Can form on the same (intra-chain) or different (inter-chain) polypeptide chains e.g. insulin.
Protein misfolding diseases (8)
• The function of the mis-folded protein is almost always lost or reduced.
• Misfolded proteins tend to self-associate and form aggregates
o Huntingtin Htt (Huntington’s).
o Amyloid-beta Ab (Alzheimer’s).
o Prion protein (PrPSc).
o alpha-synuclein (Parkinson’s disease).
o Serum amyloid A (AA amyloidosis).
o Islet amyloid polypeptide IAPP (Type 2 Diabetes)
• Other mis-folded proteins result in cellular processing that lead to their degradation.
o Cystic fibrosis
Misfolding can occur for several reasons (6)
Somatic mutations in the gene sequence leading to the production of a protein unable to adopt the native folding.
Errors in transcription or translation leading to the production of modified proteins unable to properly fold.
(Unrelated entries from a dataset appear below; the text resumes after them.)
lemma u0_odd: "u0 E (- x) = - u0 E x"
  by (simp add: u0_def jsn_def jam_odd[OF modk_sq_less_1])

lemma u0_periodic: "u0 E (x + 2 * T0 E) = u0 E x"
proof -
  let ?c = "sqrt ((1 + E) / 2)" and ?k = "modk E"
  have "sqrt (2 / (1 + E)) * ?c = 1"
    using E by (simp add: real_sqrt_mult[symmetric])
  then have "(x + 2 * T0 E) * ?c = x * ?c + 2 * ellK ?k + 2 * ellK ?k"
    by (simp add: T0_def algebra_simps)
  then have "jam ((x + 2 * T0 E) * ?c) ?k = jam (x * ?c) ?k + pi + pi"
    by (simp only: jam_add_2K[OF modk_sq_less_1])
  then show ?thesis by (simp add: u0_def jsn_def sin_add)
qed

lemma u0_sq_less_1: "(u0 E x)^2 < 1"
proof -
  have "(jsn (x * sqrt ((1 + E) / 2)) (modk E))^2 \<le> 1"
    by (simp add: jsn_def abs_square_le_1)
  then have "(u0 E x)^2 \<le> 1 - E"
    using E by (simp add: u0_def power_mult_distrib mult_left_le)
  with E show ?thesis by linarith
qed

lemma du0_0_sq: "(du0 E 0)^2 = (1 - E) * (1 + E) / 2"
  using E jam_0[OF modk_sq_less_1]
  by (simp add: du0_def jcn_def jdn_def jsn_def power_mult_distrib)

lemma periodic_orbit_u0: "periodic_orbit (u0 E) (du0 E) (2 * T0 E)"
proof
  have "(du0 E 0)^2 = (1 - E^2) / 2"
    unfolding du0_0_sq by (simp add: algebra_simps power2_eq_square)
  moreover have "0 < E^2" and "E^2 < 1"
    using E by (simp_all add: abs_square_less_1)
  ultimately show "du0 E 0 \<noteq> 0" and "(du0 E 0)^2 < 1/2"
    by auto
  show "0 < 2 * T0 E"
    using E ellK_pos[OF modk_sq_less_1] by (simp add: T0_def)
qed (use u0_deriv du0_deriv u0_odd u0_periodic u0_sq_less_1 in auto)

end

theorem lemma5p1:
  fixes E :: real
  assumes "0 < E" and "E < 1"
  shows "(\<forall>u. bounded (range u) \<and> Lplus_eq E u (\<lambda>_. 0)
            \<longrightarrow> (\<exists>C. \<forall>x. u x = C * deriv (u0 E) x))
         \<and> (\<exists>!U. (\<forall>x. U (- x) = - U x) \<and> (\<forall>x. U (x + 2 * T0 E) = U x)
                 \<and> Lplus_eq E U (u0 E))"
proof -
  interpret periodic_orbit "u0 E" "du0 E" "2 * T0 E"
    using periodic_orbit_u0[OF assms] .
  have deriv_u0: "deriv (u0 E) = du0 E"
    using u0_deriv[OF assms] by (simp add: DERIV_imp_deriv fun_eq_iff)
  have Lplus_eq_iff: "Lplus_eq E u r \<longleftrightarrow> (\<exists>u'. classical_solution q r u u')"
    if "continuous_on UNIV r" for u r
    unfolding Lplus_eq_def using weak_solution_iff_classical[OF continuous_on_q that]
    by (simp add: q_def)
  show ?thesis
    using bounded_homogeneous_solution periodic_odd_solution_unique
    unfolding deriv_u0 Lplus_eq_iff[OF continuous_on_const] Lplus_eq_iff[OF continuous_on_f]
    by blast
qed

end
Failure of the folding machinery.
Mistakes of the post-translational modifications or in trafficking of proteins.
Structural modification produced by environmental changes.
Induction protein misfolding by seeding and cross-seeding by other proteins.
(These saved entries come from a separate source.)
definition Ucoef :: "nat \<Rightarrow> (nat \<Rightarrow> nat \<Rightarrow> nat \<Rightarrow> complex) \<Rightarrow> (nat \<Rightarrow> nat \<Rightarrow> nat \<Rightarrow> complex)
   \<Rightarrow> nat \<Rightarrow> nat \<Rightarrow> nat \<Rightarrow> nat \<Rightarrow> complex" where
  "Ucoef N rho v a b i j = (\<Sum>x<N. v i j x * rho x a b)"

definition Rcoef :: "nat \<Rightarrow> (nat \<Rightarrow> nat \<Rightarrow> nat \<Rightarrow> complex) \<Rightarrow> (nat \<Rightarrow> nat \<Rightarrow> nat \<Rightarrow> complex)
   \<Rightarrow> nat \<Rightarrow> nat \<Rightarrow> nat \<Rightarrow> nat \<Rightarrow> complex" where
  "Rcoef N cop rho y x a b = (\<Sum>z<N. cop x y z * rho z a b)"

definition Vcoef :: "nat \<Rightarrow> (nat \<Rightarrow> nat \<Rightarrow> nat \<Rightarrow> complex) \<Rightarrow> (nat \<Rightarrow> nat \<Rightarrow> nat \<Rightarrow> complex)
   \<Rightarrow> nat \<Rightarrow> nat \<Rightarrow> nat \<Rightarrow> nat \<Rightarrow> complex" where
  "Vcoef N mu v y x i j = (\<Sum>z<N. v i j z * mu x z y)"

text \<open>M_n; the index lists as, is, bs, js hold a_1..a_n etc. (0-based list positions),
  and the basis indices x_0..x_{2n} form a function on {0..2n}.\<close>
definition Mn :: "nat \<Rightarrow> (nat \<Rightarrow> nat \<Rightarrow> nat \<Rightarrow> nat \<Rightarrow> complex) \<Rightarrow> (nat \<Rightarrow> nat \<Rightarrow> nat \<Rightarrow> nat \<Rightarrow> complex)
   \<Rightarrow> (nat \<Rightarrow> complex) \<Rightarrow> (nat \<Rightarrow> complex) \<Rightarrow> nat
   \<Rightarrow> nat list \<Rightarrow> nat list \<Rightarrow> nat list \<Rightarrow> nat list \<Rightarrow> complex" where
  "Mn N R V e u n as is bs js =
     (\<Sum>xs \<in> {0..2*n} \<rightarrow>\<^sub>E {..<N}.
        e (xs 0) *
        (\<Prod>m\<in>{1..n}. R (xs (2*m-2)) (xs (2*m-1)) (as!(m-1)) (bs!(m-1))
                      * V (xs (2*m-1)) (xs (2*m)) (is!(m-1)) (js!(m-1)))
        * u (xs (2*n)))"

definition idx_lists :: "nat \<Rightarrow> nat \<Rightarrow> nat list set" where
  "idx_lists n d = {xs. length xs = n \<and> set xs \<subseteq> {..<d}}"

text \<open>T_n, recursively; Tn U d dv n as is bs js.  With k_1 := i_1, c_n := a_n.\<close>
fun Tn :: "(nat \<Rightarrow> nat \<Rightarrow> nat \<Rightarrow> nat \<Rightarrow> complex) \<Rightarrow> nat \<Rightarrow> nat \<Rightarrow> nat
   \<Rightarrow> nat list \<Rightarrow> nat list \<Rightarrow> nat list \<Rightarrow> nat list \<Rightarrow> complex" where
  "Tn U d dv 0 as is bs js = 1"
| "Tn U d dv (Suc 0) as is bs js = U (as!0) (bs!0) (is!0) (js!0)"
| "Tn U d dv (Suc (Suc n)) as is bs js =
     (\<Sum>cs \<in> idx_lists (Suc n) d. \<Sum>ks \<in> idx_lists (Suc n) dv.
        Tn U d dv (Suc n) (butlast as) (tl is) cs ks *
        (\<Prod>m<Suc (Suc n). U ((cs @ [last as])!m) (bs!m) ((hd is # ks)!m) (js!m)))"

end

theory Submission
  imports Defs
begin

(*
  Let R_op a b = (id (x) rho_ab) o Delta, an endomorphism of the prebialgebra.  In the basis,
  R^{ab} and V^{ij} are the matrices of R_op a b and of right multiplication by v_ij, so M_n is
  the counit of the element
      chain = R_op a_1 b_1 ( R_op a_2 b_2 ( ... R_op a_n b_n (1 v_{i_n j_n}) ... ) v_{i_1 j_1} ).
  Since Delta and rho are multiplicative and v is a corepresentation,
      R_op a b (x v_ij) = sum_{c,k} U^{cb}_{kj} (R_op a c x) v_ik,
  so a factor v can be pulled out of R_op at the price of one gate U.  Pulling the factors out of
  the chain row by row yields, at the level of elements, the brickwork recursion defining T_n.
  The counit then only needs epsilon o R_op a b = rho_ab and rho_ab(x v_ij) = sum_c rho_ac(x)
  U^{cb}_{ij}; no compatibility of Delta with the unit or of epsilon with multiplication is used.
*)

lemma sum_rotate:
  "(\<Sum>x\<in>A. \<Sum>y\<in>B. \<Sum>z\<in>C. F x y z) = (\<Sum>y\<in>B. \<Sum>z\<in>C. \<Sum>x\<in>A. F x y z)"
  by (subst sum.swap, rule sum.cong[OF refl], rule sum.swap)

lemma sum_PiE_insert:
  assumes "x \<notin> S"
  shows "(\<Sum>f\<in>PiE (insert x S) T. F f) = (\<Sum>y\<in>T x. \<Sum>g\<in>PiE S T. F (g(x := y)))"
proof -
  have "(\<Sum>f\<in>PiE (insert x S) T. F f) = (\<Sum>p\<in>T x \<times> PiE S T. F ((\<lambda>(y, g). g(x := y)) p))"
    by (subst PiE_insert_eq, subst sum.reindex[OF inj_combinator[OF assms]]) simp
  also have "\<dots> = (\<Sum>y\<in>T x. \<Sum>g\<in>PiE S T. F (g(x := y)))"
    by (simp add: sum.cartesian_product case_prod_unfold)
  finally show ?thesis .
qed

definition matvec :: "nat \<Rightarrow> (nat \<Rightarrow> nat \<Rightarrow> complex) \<Rightarrow> (nat \<Rightarrow> complex) \<Rightarrow> nat \<Rightarrow> complex" where
  "matvec N K f = (\<lambda>y. \<Sum>x<N. K y x * f x)"

lemma matvec_cong: "(\<And>x. x < N \<Longrightarrow> f x = g x) \<Longrightarrow> matvec N K f = matvec N K g"
  unfolding matvec_def by simp

lemma matvec_sum: "matvec N K (\<lambda>x. \<Sum>s\<in>S. g s x) = (\<lambda>y. \<Sum>s\<in>S. matvec N K (g s) y)"
  unfolding matvec_def by (simp add: sum_distrib_left sum.swap[of _ S])

lemma matvec_scale: "matvec N K (\<lambda>x. c * g x) = (\<lambda>y. c * matvec N K g y)"
  unfolding matvec_def by (simp add: sum_distrib_left mult.left_commute)

lemma sum_matvec: "(\<Sum>y<N. e y * matvec N K f y) = (\<Sum>x<N. (\<Sum>y<N. e y * K y x) * f x)"
  unfolding matvec_def
  by (simp only: sum_distrib_left sum_distrib_right, rule trans[OF sum.swap], simp add: mult_ac)

definition vec_mult :: "nat \<Rightarrow> (nat \<Rightarrow> nat \<Rightarrow> nat \<Rightarrow> complex) \<Rightarrow> (nat \<Rightarrow> complex) \<Rightarrow> (nat \<Rightarrow> complex)
    \<Rightarrow> nat \<Rightarrow> complex" where
  "vec_mult N mu f g = (\<lambda>z. \<Sum>x<N. \<Sum>y<N. f x * g y * mu x y z)"

lemma vec_mult_cong:
  "(\<And>x. x < N \<Longrightarrow> f x = f' x) \<Longrightarrow> (\<And>y. y < N \<Longrightarrow> g y = g' y) \<Longrightarrow>
   vec_mult N mu f g = vec_mult N mu f' g'"
  unfolding vec_mult_def by simp

lemma vec_mult_sum_left:
  "vec_mult N mu (\<lambda>x. \<Sum>s\<in>S. g s x) h = (\<lambda>z. \<Sum>s\<in>S. vec_mult N mu (g s) h z)"
proof
  fix z
  have "vec_mult N mu (\<lambda>x. \<Sum>s\<in>S. g s x) h z = (\<Sum>x<N. \<Sum>y<N. \<Sum>s\<in>S. g s x * h y * mu x y z)"
    unfolding vec_mult_def by (simp add: sum_distrib_right)
  also have "\<dots> = (\<Sum>s\<in>S. vec_mult N mu (g s) h z)"
    unfolding vec_mult_def by (rule sum_rotate[symmetric])
  finally show "vec_mult N mu (\<lambda>x. \<Sum>s\<in>S. g s x) h z = (\<Sum>s\<in>S. vec_mult N mu (g s) h z)" .
qed

lemma vec_mult_scale_left: "vec_mult N mu (\<lambda>x. c * g x) h = (\<lambda>z. c * vec_mult N mu g h z)"
  unfolding vec_mult_def by (simp add: sum_distrib_left mult_ac)

lemma vec_mult_sum_right:
  "vec_mult N mu h (\<lambda>y. \<Sum>s\<in>S. g s y) = (\<lambda>z. \<Sum>s\<in>S. vec_mult N mu h (g s) z)"
proof
  fix z
  have "vec_mult N mu h (\<lambda>y. \<Sum>s\<in>S. g s y) z = (\<Sum>x<N. \<Sum>y<N. \<Sum>s\<in>S. h x * g s y * mu x y z)"
    unfolding vec_mult_def by (simp add: sum_distrib_left sum_distrib_right)
  also have "\<dots> = (\<Sum>s\<in>S. vec_mult N mu h (g s) z)"
    unfolding vec_mult_def by (rule sum_rotate[symmetric])
  finally show "vec_mult N mu h (\<lambda>y. \<Sum>s\<in>S. g s y) z = (\<Sum>s\<in>S. vec_mult N mu h (g s) z)" .
qed

lemma vec_mult_scale_right: "vec_mult N mu h (\<lambda>y. c * g y) = (\<lambda>z. c * vec_mult N mu h g z)"
  unfolding vec_mult_def by (simp add: sum_distrib_left mult_ac)

lemma sum_vec_mult:
  "(\<Sum>k<N. K k * vec_mult N mu f g k) = (\<Sum>x1<N. \<Sum>x2<N. f x1 * g x2 * (\<Sum>k<N. mu x1 x2 k * K k))"
  unfolding vec_mult_def
  by (simp only: sum_distrib_left sum_distrib_right,
      (rule trans[OF sum.swap], rule sum.cong[OF refl])+, simp add: mult_ac)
Protein misfolding - Alzheimer’s disease Amyloid hypothesis (9)
• In Alzheimer’s disease proteolytic cleavage of Amyloid Precursor Protein (APP) is observed.
• APP is a large transmembrane protein.
• APP has multiple functions but is involved in G-protein signalling.
• Proteolysis leads to cleavage of APP results in a @40 residue peptide -Amyloid (A).
• Misfolding of this protein results in a planar arrangement and polymerisation.
• This can form fibrils of mis-folded protein (amyloid fibrils).
• β-Amyloid (Aβ) fibres are formed from stacked beta sheets in which the side chains interdigitate.
• The aggregation of b-amyloid in the brains interfere with the workings of the synapse, particularly in the hippocampus.
• Higher order insoluble aggregates form, which contain much crossed -structure which become deposited in plaques, damaging the neuronal cells of brain.
Protein misfolding - Cystic fibrosis (5)
Most common mutation is deletion of Phenylalanine at residue 508 of the cystic fibrosis transmembrane conductance regulator (CFTR).
• DF508del leads to mis-folding of the protein whilst it is still in the ER.
• Recognised by the cellular machinery that identifies and processes misfolded protein.
• Results in ubiquitination, trafficking to the proteasome and degradation.
• 70% of Caucasian CF patients harbour this mutation.